One Piano Moving Technique

One Piano Moving Technique

An easier way for uprights

I have noticed some talk of lifting uprights onto the standard 4-wheel piano dolly. I have done it the old brute force way for over 30 years. However, in the last few years, I noticed that I had a Sam's Club $39.99 two-wheel box dolly, and I found myself trying something that works like a charm.

Have one person ready who knows how to set the dolly under the piano. (That is, with the rubber tracks up against the bottom of the piano with two of the wheels in the air.) Have them ready and waiting in front of the piano with dolly at the ready.

You stand at the end with the two-wheel box dolly poised with its long foot under the end of the piano and wheels on the ground. Push the foot most to all of the way under the end (usually treble) of the piano. With one of your feet on the axle of the dolly, pull the top down almost to the floor. The piano kicks itself up in the air and your partner cocks the 4-wheeler up at one end and slides it under the piano.

The 4-wheeler will not be perfectly centered, but it usually does not need to be any more centered in most cases. If you need it centered, then take a deeper bite with the 2-wheeler while the piano is cocked up or with it sitting on the four wheel dolly pick it up a bit farther so the dolly can be repositioned.
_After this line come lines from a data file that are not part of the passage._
definition outer_normal :: "'a::euclidean_space set \<Rightarrow> 'a \<Rightarrow> 'a" where
  "outer_normal E x = (THE \<nu>. is_outer_normal E x \<nu>)"

definition S_kernel :: "'a::euclidean_space set \<Rightarrow> 'a \<Rightarrow> 'a \<Rightarrow> real" where
  "S_kernel E x y = ((x - y) \<bullet> outer_normal E x) / (norm (x - y))\<^sup>2"

definition S_Linf :: "'a::euclidean_space set \<Rightarrow> real" where
  "S_Linf E = Sup {\<bar>S_kernel E x y\<bar> | x y. x \<in> frontier E \<and> y \<in> frontier E \<and> x \<noteq> y}"

definition signed_dist :: "'a::euclidean_space set \<Rightarrow> 'a \<Rightarrow> real" where
  "signed_dist E x = infdist x E - infdist x (- E)"

definition reach_rE :: "'a::euclidean_space set \<Rightarrow> real" where
  "reach_rE E = Sup {r. r > 0 \<and>
     (\<forall>x. infdist x (frontier E) < r \<longrightarrow> signed_dist E differentiable (at x))}"

definition C2_regular :: "'a::euclidean_space set \<Rightarrow> bool" where
  "C2_regular E \<longleftrightarrow> (\<forall>x\<in>frontier E. \<exists>r>0. \<exists>\<phi> g g'.
      (\<forall>y\<in>ball x r. (\<phi> has_derivative (\<lambda>h. g y \<bullet> h)) (at y)
                   \<and> (g has_derivative g' y) (at y) \<and> g y \<noteq> 0) \<and>
      (\<forall>h. continuous_on (ball x r) (\<lambda>y. g' y h)) \<and>
      interior E \<inter> ball x r = {y \<in> ball x r. \<phi> y < 0} \<and>
      frontier E \<inter> ball x r = {y \<in> ball x r. \<phi> y = 0})"

text \<open>Differential of the Gauss map along the boundary (Weingarten map); its restriction
  to the tangent space is the second fundamental form.\<close>
definition gauss_diff :: "'a::euclidean_space set \<Rightarrow> 'a \<Rightarrow> 'a \<Rightarrow> 'a" where
  "gauss_diff E x = (SOME L. (outer_normal E has_derivative L) (at x within frontier E))"

definition tang_proj :: "'a::euclidean_space set \<Rightarrow> 'a \<Rightarrow> 'a \<Rightarrow> 'a" where
  "tang_proj E x v = v - (v \<bullet> outer_normal E x) *\<^sub>R outer_normal E x"

text \<open>Mean curvature = trace of the second fundamental form (sum of principal curvatures).\<close>
definition mean_curv :: "'a::euclidean_space set \<Rightarrow> 'a \<Rightarrow> real" where
  "mean_curv E x = (\<Sum>b\<in>Basis. b \<bullet> gauss_diff E x (tang_proj E x b))"

definition sff_norm :: "'a::euclidean_space set \<Rightarrow> 'a \<Rightarrow> real" where
  "sff_norm E x = sqrt (\<Sum>b\<in>Basis. (norm (gauss_diff E x (tang_proj E x b)))\<^sup>2)"

end

(*
  At a boundary point x the interior and exterior balls of the uniform ball condition are
  antipodal, centred at x -/+ r nu(x). A boundary point y avoids both balls of radius R at x
  exactly when 2 R |(x - y) . nu(x)| <= |x - y|^2, i.e. |S_E(x, y)| <= 1 / (2 R); and if no
  boundary point enters them, connectedness puts these balls on the right sides of the boundary.
  So normal balls exist precisely up to the radius R = 1 / (2 ||S_E||).

  Normal balls of radius R make the signed distance differentiable within distance R of the
  boundary, since there it is squeezed between the distance functions of the two balls.
  Conversely, differentiability within distance r makes closest points unique there, and an
  invariance of domain argument prolongs the segments realising the distance to length r, so
  that the balls of radius r contain no boundary point. Hence r_E = R.

  Disjointness of the interior ball at x from the exterior ball at y makes nu Lipschitz with
  constant 1 / R; differentiating nu along boundary curves tangent to a vector v then bounds the
  Weingarten map by 1 / R on tangent vectors, which gives the curvature bounds.
*)

theory Submission
  imports Defs
begin

section \<open>Interior and exterior balls along the normal\<close>

lemma dist_ge_if_disjoint_balls:
  fixes a b :: "'a::real_normed_vector"
  assumes "ball a R \<inter> ball b R' = {}" "0 < R" "0 < R'"
  shows "R + R' \<le> dist a b"
proof (rule ccontr)
  assume H: "\<not> R + R' \<le> dist a b"
  define z where "z = a + (R / (R + R')) *\<^sub>R (b - a)"
  have "dist a z = R / (R + R') * dist a b"
    using assms by (simp add: z_def dist_norm norm_minus_commute)
  also have "\<dots> < R"
    using mult_strict_left_mono[of "dist a b" "R + R'" R] H assms by (simp add: field_simps)
  finally have "z \<in> ball a R" by simp
  have "b - z = (1 - R / (R + R')) *\<^sub>R (b - a)"
    by (simp add: z_def algebra_simps)
  also have "1 - R / (R + R') = R' / (R + R')"
    using assms by (simp add: field_simps)
  finally have "b - z = (R' / (R + R')) *\<^sub>R (b - a)" .
  hence "dist b z = R' / (R + R') * dist a b"
    using assms by (simp add: dist_norm norm_minus_commute)
  also have "\<dots> < R'"
    using mult_strict_left_mono[of "dist a b" "R + R'" R'] H assms by (simp add: field_simps)
  finally have "z \<in> ball b R'" by simp
  with \<open>z \<in> ball a R\<close> assms(1) show False by blast
qed

lemma eq_neg_scaleR_if_norm_diff_ge:
  fixes a b :: "'a::real_inner"
  assumes "norm a = d" "norm b = R" "d + R \<le> norm (a - b)" "0 < R"
  shows "a = - (d / R) *\<^sub>R b"
proof -
  have d: "0 \<le> d" using assms(1) by auto
  have "(d + R)\<^sup>2 \<le> (norm (a - b))\<^sup>2"
    using assms d by (intro power_mono) auto
  also have "(norm (a - b))\<^sup>2 = (norm a)\<^sup>2 + (norm b)\<^sup>2 - 2 * (a \<bullet> b)"
    by (simp add: power2_norm_eq_inner inner_diff algebra_simps inner_commute)
  finally have "(d + R)\<^sup>2 \<le> d\<^sup>2 + R\<^sup>2 - 2 * (a \<bullet> b)"
    using assms(1,2) by simp
  hence ab: "a \<bullet> b \<le> - d * R" by (simp add: power2_eq_square algebra_simps)
  have "(norm (a + (d / R) *\<^sub>R b))\<^sup>2 = (norm a)\<^sup>2 + 2 * (d / R) * (a \<bullet> b) + (d / R)\<^sup>2 * (norm b)\<^sup>2"
    unfolding power2_norm_eq_inner
    by (simp add: inner_add_left inner_add_right inner_commute algebra_simps power2_eq_square)
  also have "\<dots> = 2 * d\<^sup>2 + 2 * (d / R) * (a \<bullet> b)"
    using assms by (simp add: power2_eq_square)
  also have "\<dots> \<le> 0"
    using mult_left_mono[OF ab, of "d / R"] d assms by (simp add: power2_eq_square)
  finally have "a + (d / R) *\<^sub>R b = 0" by simp
  thus ?thesis by (simp add: eq_neg_iff_add_eq_0)
qed

text \<open>A point \<open>x + t (n\<^sub>1 - n\<^sub>2)\<close> would lie both in the outer cone of \<open>n\<^sub>1\<close> and in the
  inner cone of \<open>n\<^sub>2\<close>.\<close>
lemma is_outer_normal_unique:
  fixes E :: "'a::euclidean_space set"
  assumes "is_outer_normal E x n1" "is_outer_normal E x n2"
  shows "n1 = n2"
proof (rule ccontr)
  assume "n1 \<noteq> n2"
  define w where "w = n1 - n2"
  have wpos: "norm w > 0" using \<open>n1 \<noteq> n2\<close> by (simp add: w_def)
  have n1: "n1 \<bullet> n1 = 1" and n2: "n2 \<bullet> n2 = 1"
    using assms by (auto simp: is_outer_normal_def norm_eq_1)
  have nw: "(norm w)\<^sup>2 = 2 - 2 * (n1 \<bullet> n2)"
    using n1 n2 by (simp add: power2_norm_eq_inner w_def inner_diff_left inner_diff_right inner_commute)
  have w1: "w \<bullet> n1 = (norm w)\<^sup>2 / 2"
    using n1 nw by (simp add: w_def inner_diff_left inner_diff_right inner_commute)
  have w2: "w \<bullet> n2 = - ((norm w)\<^sup>2 / 2)"
    using n2 nw by (simp add: w_def inner_diff_left inner_diff_right inner_commute field_simps)
  define e where "e = norm w / 4"
  have e: "e > 0" using wpos by (simp add: e_def)
  obtain d1 where d1: "d1 > 0" "\<forall>y\<in>ball x d1. (y - x) \<bullet> n1 > e * norm (y - x) \<longrightarrow> y \<notin> E"
    using assms(1) e unfolding is_outer_normal_def by meson
  obtain d2 where d2: "d2 > 0" "\<forall>y\<in>ball x d2. (y - x) \<bullet> n2 < - e * norm (y - x) \<longrightarrow> y \<in> E"
    using assms(2) e unfolding is_outer_normal_def by meson
  define t where "t = min d1 d2 / (2 * norm w)"
  have t: "t > 0" using d1 d2 wpos by (simp add: t_def)
  define y where "y = x + t *\<^sub>R w"
  have ny: "norm (y - x) = t * norm w" using t by (simp add: y_def)
  have "norm (y - x) < d1" "norm (y - x) < d2" using ny wpos d1 d2 by (auto simp: t_def)
  hence yb: "y \<in> ball x d1" "y \<in> ball x d2" by (auto simp: dist_norm norm_minus_commute)
  have ey: "e * norm (y - x) = t * (norm w)\<^sup>2 / 4" using ny by (simp add: e_def power2_eq_square)
  have pos: "t * (norm w)\<^sup>2 > 0" using t wpos by simp
  have "(y - x) \<bullet> n1 = t * (norm w)\<^sup>2 / 2" using w1 by (simp add: y_def)
  hence "(y - x) \<bullet> n1 > e * norm (y - x)" using ey pos by linarith
  moreover have "(y - x) \<bullet> n2 = - t * (norm w)\<^sup>2 / 2" using w2 by (simp add: y_def)
  hence "(y - x) \<bullet> n2 < - e * norm (y - x)" using ey pos by linarith
  ultimately show False using d1 d2 yb by blast
qed

lemma outer_normal_eqI:
  fixes E :: "'a::euclidean_space set"
  assumes "is_outer_normal E x n"
  shows "outer_normal E x = n"
  unfolding outer_normal_def using assms is_outer_normal_unique by blast

lemma norm_add_scaleR_unit_sq:
  fixes w n :: "'a::real_inner"
  assumes "norm n = 1"
  shows "(norm (w + c *\<^sub>R n))\<^sup>2 = (norm w)\<^sup>2 + 2 * c * (w \<bullet> n) + c\<^sup>2"
  using assms unfolding power2_norm_eq_inner
  by (simp add: norm_eq_1 inner_add_left inner_add_right inner_commute algebra_simps power2_eq_square)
When you push the 2-wheeler down, raising the piano, you must notice the angle at the "foot to piano bottom board". If you go past a 90-degree angle, and push the dolly top all the way to the floor, you run the risk of the piano sliding off but usually that doesn't happen unless the bottom board is slick.

I have also used this method with a two-wheel appliance dolly with a shorter, more substantial foot: the kind with straps for a refrigerator and all. It still worked, except it felt more stable and you can hold the box dolly all the way down to the floor.

I needed this method because I do not move many pianos any more. I plan to keep my back in functional condition. I have used this method to move several hundred pianos and I have not had one catastrophe, except once when I had a complete idiot setting the 4-wheeler and he managed to set the dolly out of square, so that the piano tipped forward. Luckily it was a small Euro console and did not do much damage when it hit the floor.

Good luck to you all who try this, and save your backs.